Two plausible explanations are proposed. First, NODE-ED-Uncoupled may fail to accurately capture the correct final state. In the presence of noisy measurements, sudden fluctuations during earlier timestamps may be misinterpreted as meaningful signals, causing the model to converge towards an incorrect final state and hence learning the wrong trajectory as a whole.
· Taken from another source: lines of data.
lemma sheaf_sum_split_exact:
  fixes F1 F2 :: "('v,'e,'a::field) sheaf"
  assumes G: "fin_digraph G"
  defines "S \<equiv> sheaf_sum G F1 F2"
  shows "split_exact_triple (arcs G \<times> UNIV) (phi G F1) (phi G S) (phi G F2)
           (secV G F1) (secV G S) (secV G F2) (secE G F1) (secE G S) (secE G F2)
           (lift (verts G) (\<lambda>v w. w)) (lift (verts G) (\<lambda>v. drop_coords (sv F1 v)))
           (lift (arcs G) (\<lambda>e w. w)) (lift (arcs G) (\<lambda>e. drop_coords (se F1 e)))
           (lift (verts G) (\<lambda>v. shift_coords (sv F1 v))) (lift (arcs G) (\<lambda>e. shift_coords (se F1 e)))"
proof -
  have sel: "sv S = (\<lambda>v. sv F1 v + sv F2 v)" "se S = (\<lambda>e. se F1 e + se F2 e)"
    "sh S e = blockdiag (sv F1 (head G e)) (se F1 e) (sh F1 e) (sh F2 e)"
    "st S e = blockdiag (sv F1 (tail G e)) (se F1 e) (st F1 e) (st F2 e)" for e
    by (simp_all add: S_def sheaf_sum_def)
  have cs: "\<And>w n1 n2. w \<in> cspace n1 \<Longrightarrow> w \<in> cspace (n1 + n2)"
    "\<And>w n1 n2. w \<in> cspace (n1 + n2) \<Longrightarrow> drop_coords n1 w \<in> cspace n2"
    "\<And>w n1 n2. w \<in> cspace n2 \<Longrightarrow> shift_coords n1 w \<in> cspace (n1 + n2)"
    by (auto simp: cspace_def drop_coords_def shift_coords_def)
  have sys: "\<And>F. incidence_system (arcs G \<times> UNIV) (phi G F) (secV G F) (secE G F)"
    by (rule sheaf_incidence_system[OF G])
  have incl: "incidence_mor (arcs G \<times> UNIV) (phi G F1) (secV G F1) (secE G F1) (phi G S) (secV G S)
      (secE G S) (lift (verts G) (\<lambda>v w. w)) (lift (arcs G) (\<lambda>e w. w))"
    by (rule sheaf_lift_mor[OF G coord_linear_id coord_linear_id])
      (simp_all add: sel cs lin_blockdiag_first resH_def resT_def)
  have proj: "incidence_mor (arcs G \<times> UNIV) (phi G S) (secV G S) (secE G S) (phi G F2) (secV G F2)
      (secE G F2) (lift (verts G) (\<lambda>v. drop_coords (sv F1 v))) (lift (arcs G) (\<lambda>e. drop_coords (se F1 e)))"
    by (rule sheaf_lift_mor[OF G coord_linear_drop coord_linear_drop])
      (simp_all add: sel cs lin_blockdiag_drop resH_def resT_def)
  have sect: "incidence_mor (arcs G \<times> UNIV) (phi G F2) (secV G F2) (secE G F2) (phi G S) (secV G S)
      (secE G S) (lift (verts G) (\<lambda>v. shift_coords (sv F1 v))) (lift (arcs G) (\<lambda>e. shift_coords (se F1 e)))"
    by (rule sheaf_lift_mor[OF G coord_linear_shift coord_linear_shift])
      (simp_all add: sel cs lin_blockdiag_shift resH_def resT_def)
  have exact: "exact_on (secV G F1) (secV G S) (secV G F2) (lift (verts G) (\<lambda>v w. w))
      (lift (verts G) (\<lambda>v. drop_coords (sv F1 v)))"
    "exact_on (secE G F1) (secE G S) (secE G F2) (lift (arcs G) (\<lambda>e w. w))
      (lift (arcs G) (\<lambda>e. drop_coords (se F1 e)))"
    unfolding secV_eq secE_eq sel by (simp_all add: lift_exact coords_split_exact)
  have "\<forall>y\<in>secV G F2. lift (verts G) (\<lambda>v. drop_coords (sv F1 v)) (lift (verts G) (\<lambda>v. shift_coords (sv F1 v)) y) = y"
    "\<forall>y\<in>secE G F2. lift (arcs G) (\<lambda>e. drop_coords (se F1 e)) (lift (arcs G) (\<lambda>e. shift_coords (se F1 e)) y) = y"
    by (auto simp: lift_def drop_shift_coords secV_def secE_def fun_eq_iff)
  then show ?thesis
    unfolding split_exact_triple_def split_exact_triple_axioms_def exact_triple_def
    using sys incl proj sect exact by blast
qed

lemma triangular_8I:
  fixes a0 a1 a2 a3 a4 a5 a6 a7 :: int
  assumes "a1 \<le> a0 + a2" "a2 \<le> a1 + a3" "a3 \<le> a2 + a4" "a4 \<le> a3 + a5" "a5 \<le> a4 + a6" "a6 \<le> a5 + a7"
  shows "triangular [a0, a1, a2, a3, a4, a5, a6, a7]"
  unfolding triangular_def
proof (intro allI impI)
  fix i assume "0 < i \<and> i + 1 < length [a0, a1, a2, a3, a4, a5, a6, a7]"
  then have "i = 1 \<or> i = 2 \<or> i = 3 \<or> i = 4 \<or> i = 5 \<or> i = 6" by auto
  then show "[a0, a1, a2, a3, a4, a5, a6, a7] ! i
      \<le> [a0, a1, a2, a3, a4, a5, a6, a7] ! (i - 1) + [a0, a1, a2, a3, a4, a5, a6, a7] ! (i + 1)"
    using assms by (elim disjE) (simp_all add: eval_nat_numeral)
qed

lemma alpha_maxexc:
  assumes G: "fin_digraph G"
  shows "alpha1 G F = maxexc (arcs G \<times> UNIV) (phi G F) (secV G F) (secE G F)"
    and "alpha0 G F = int (FS.dim (secV G F)) - int (FS.dim (secE G F))
                        + maxexc (arcs G \<times> UNIV) (phi G F) (secV G F) (secE G F)"
  by (simp_all add: alpha1_def alpha0_def max_excess_eq euler_char_eq[OF G])

lemma alpha_nonneg:
  assumes G: "fin_digraph G"
  shows "0 \<le> alpha0 G F" "0 \<le> alpha1 G F"
  unfolding alpha_maxexc[OF G]
  using maxexc_nonneg[OF sheaf_incidence_system[OF G, of F]]
    maxexc_ge_euler[OF sheaf_incidence_system[OF G, of F]] by linarith+

lemma alpha_sheaf_sum:
  assumes G: "fin_digraph G"
  shows "alpha0 G (sheaf_sum G F1 F2) = alpha0 G F1 + alpha0 G F2"
    and "alpha1 G (sheaf_sum G F1 F2) = alpha1 G F1 + alpha1 G F2"
proof -
  note split = sheaf_sum_split_exact[OF G, of F1 F2]
  note triple = split_exact_triple.axioms(1)[OF split]
  show "alpha1 G (sheaf_sum G F1 F2) = alpha1 G F1 + alpha1 G F2"
    using exact_triple.maxexc_subadditive[OF triple] split_exact_triple.maxexc_superadditive[OF split]
    by (simp add: alpha_maxexc[OF G])
  then show "alpha0 G (sheaf_sum G F1 F2) = alpha0 G F1 + alpha0 G F2"
    using exact_triple.dims_additive[OF triple] by (simp add: alpha_maxexc[OF G])
qed
(* Let $X_1,\dots,X_n$ be i.i.d. from a Gaussian location mixture $\nu*N(0,\sigma^2)$ whose distribution has a density, and assume $n>k$. For $j\ge1$ let $\hat\gamma_j=\frac1n\sum_{i=1}^nX_i^j$, $\hat\gamma_0=1$, and for $r\ge0$ and $\sigma'\ge 0$ let $\hat m_r(\sigma')=r!\sum_{i=0}^{\lfloor r/2\rfloor}\frac{(-1/2)^i}{i!(r-2i)!}\hat\gamma_{r-2i}\sigma'^{2i}$. Let $\hat d_k(\sigma')=\det\big(\hat m_{i+j}(\sigma')\big)_{i,j=0}^k$. Then, almost surely, $\hat d_k$ has a positive root in $(0,s]$, where $s^2=\frac1n\sum_{i=1}^n(X_i-\hat\gamma_1)^2$ is the sample variance. *)

theory Defs
  imports "HOL-Probability.Probability"
begin

definition gauss :: "real \<Rightarrow> real measure" where
  "gauss \<sigma> = (if \<sigma> = 0 then return borel 0 else density lborel (\<lambda>x. ennreal (normal_density 0 \<sigma> x)))"

definition gauss_mixture :: "real measure \<Rightarrow> real \<Rightarrow> real measure" where
  "gauss_mixture \<nu> \<sigma> = convolution \<nu> (gauss \<sigma>)"

definition det_sq :: "nat \<Rightarrow> (nat \<Rightarrow> nat \<Rightarrow> real) \<Rightarrow> real" where
  "det_sq N A = (\<Sum>p | p permutes {..N}. of_int (sign p) * (\<Prod>i\<le>N. A i (p i)))"

definition emp_moment :: "nat \<Rightarrow> (nat \<Rightarrow> real) \<Rightarrow> nat \<Rightarrow> real" where
  "emp_moment n x j = (if j = 0 then 1 else (1 / real n) * (\<Sum>i<n. x i ^ j))"

definition m_hat :: "nat \<Rightarrow> (nat \<Rightarrow> real) \<Rightarrow> nat \<Rightarrow> real \<Rightarrow> real" where
  "m_hat n x r s' = fact r * (\<Sum>i = 0..r div 2.
      (-1/2) ^ i / (fact i * fact (r - 2*i)) * emp_moment n x (r - 2*i) * s' ^ (2*i))"
(* The set $\ell^\infty\setminus S$ is strongly $\mathfrak{c}$-algebrable in the algebra $\ell^\infty$ (with pointwise operations).
   Context: $\ell^\infty$ is the algebra of bounded real sequences with coordinatewise operations. $S=\{x\in\ell^\infty\colon\lim_n\frac{x_1+\dots+x_n}{n}\text{ exists}\}$. A subset $A$ of a commutative algebra $\mathcal L$ is strongly $\kappa$-algebrable if $A\cup\{0\}$ contains a $\kappa$-generated subalgebra (minimal number of generators of cardinality $\kappa$) which is isomorphic to a free algebra; equivalently, there is a set $Z\subset\mathcal L$ of cardinality $\kappa$ such that for every $n$, every non-zero polynomial $P$ in $n$ variables without constant term and all distinct $z_1,\dots,z_n\in Z$, $P(z_1,\dots,z_n)\in A\setminus\{0\}$. $\mathfrak c$ is the cardinality of the continuum. *)

theory Defs
  imports "HOL-Analysis.Analysis" "HOL-Library.Equipollence"
begin

text \<open>ell-infinity: bounded real sequences (index 0 plays the role of x_1).\<close>
definition linf :: "(nat \<Rightarrow> real) set" where
  "linf = {x. Bseq x}"

definition cesaro_S :: "(nat \<Rightarrow> real) set" where
  "cesaro_S = {x \<in> linf. convergent (\<lambda>n. (\<Sum>i<Suc n. x i) / real (Suc n))}"
(* Let $q$ be an odd prime power and $d\ge 2$. Let $V$ be a $(2d+1)$-dimensional vector space over $\mathbb{F}_q$ with basis $z,e_0,f_0,x,y,e_1,f_1,\dots,e_{d-2},f_{d-2}$ and nondegenerate symmetric bilinear form $\beta$ with $V=\langle z\rangle\perp\langle e_0,f_0\rangle\perp\langle x,y\rangle\perp\langle e_1,f_1\rangle\perp\cdots\perp\langle e_{d-2},f_{d-2}\rangle$, $\beta(z,z)=1$, $\beta(e_i,f_i)=1$, $\beta(e_i,e_i)=\beta(f_i,f_i)=0$, and $\langle x,y\rangle$ anisotropic; let $\kappa(v)=\beta(v,v)/2$ and let $\mathcal{Q}(2d,q)$ be the associated parabolic quadric. Let $W=\langle z,e_0,f_0\rangle$, $U=W^\perp$, $B=\{g\oplus 1_U: g\in\Omega(W)\}$ with $\Omega(W)$ the derived subgroup of the orthogonal group of $(W,\kappa|_W)$, let $\tau$ be the linear map with $z\mapsto -z$ fixing all other basis vectors, and $A=\langle B,\tau\rangle$. Then $A$ and $B$ have the same orbits on the points of $\mathcal{Q}(2d,q)$.
   Context: A point of $\mathcal{Q}(2d,q)$ is a $1$-dimensional subspace of $V$ on which $\kappa$ vanishes. *)

theory Defs
  imports Main "HOL-Algebra.Generated_Groups"
begin

text \<open>Coordinates: V = functions nat => 'a supported on {0..<2d+1}.
  Basis order: 0 = z, 1 = e0, 2 = f0, 3 = x, 4 = y,
  2i+3 = e_i, 2i+4 = f_i for 1 <= i <= d-2.
  Matrices are functions nat => nat => 'a supported on {0..<n} x {0..<n}.\<close>

definition vecs :: "nat \<Rightarrow> (nat \<Rightarrow> 'a::zero) set" where
  "vecs n = {v. \<forall>i\<ge>n. v i = 0}"

definition mats :: "nat \<Rightarrow> (nat \<Rightarrow> nat \<Rightarrow> 'a::zero) set" where
  "mats n = {M. \<forall>i j. (n \<le> i \<or> n \<le> j) \<longrightarrow> M i j = 0}"

definition mv :: "nat \<Rightarrow> (nat \<Rightarrow> nat \<Rightarrow> 'a::comm_ring_1) \<Rightarrow> (nat \<Rightarrow> 'a) \<Rightarrow> (nat \<Rightarrow> 'a)" where
  "mv n M v = (\<lambda>i. if i < n then (\<Sum>j<n. M i j * v j) else 0)"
Second, the limited availability of experimental data may restrict the model's ability to learn the full range of interactions between the different reaction zones described in Section 2.2.1. Although LHC was employed to improve coverage of the operating space, certain regimes such as SRZ still remain overrepresented while others such as PAZ are underrepresented due to their rare occurrence only under boundary conditions. This imbalance may therefore hinder the model's ability to generalise across all operating regimes. As such, Section 5 explores physics-guided enhancements aimed to address these hypotheses.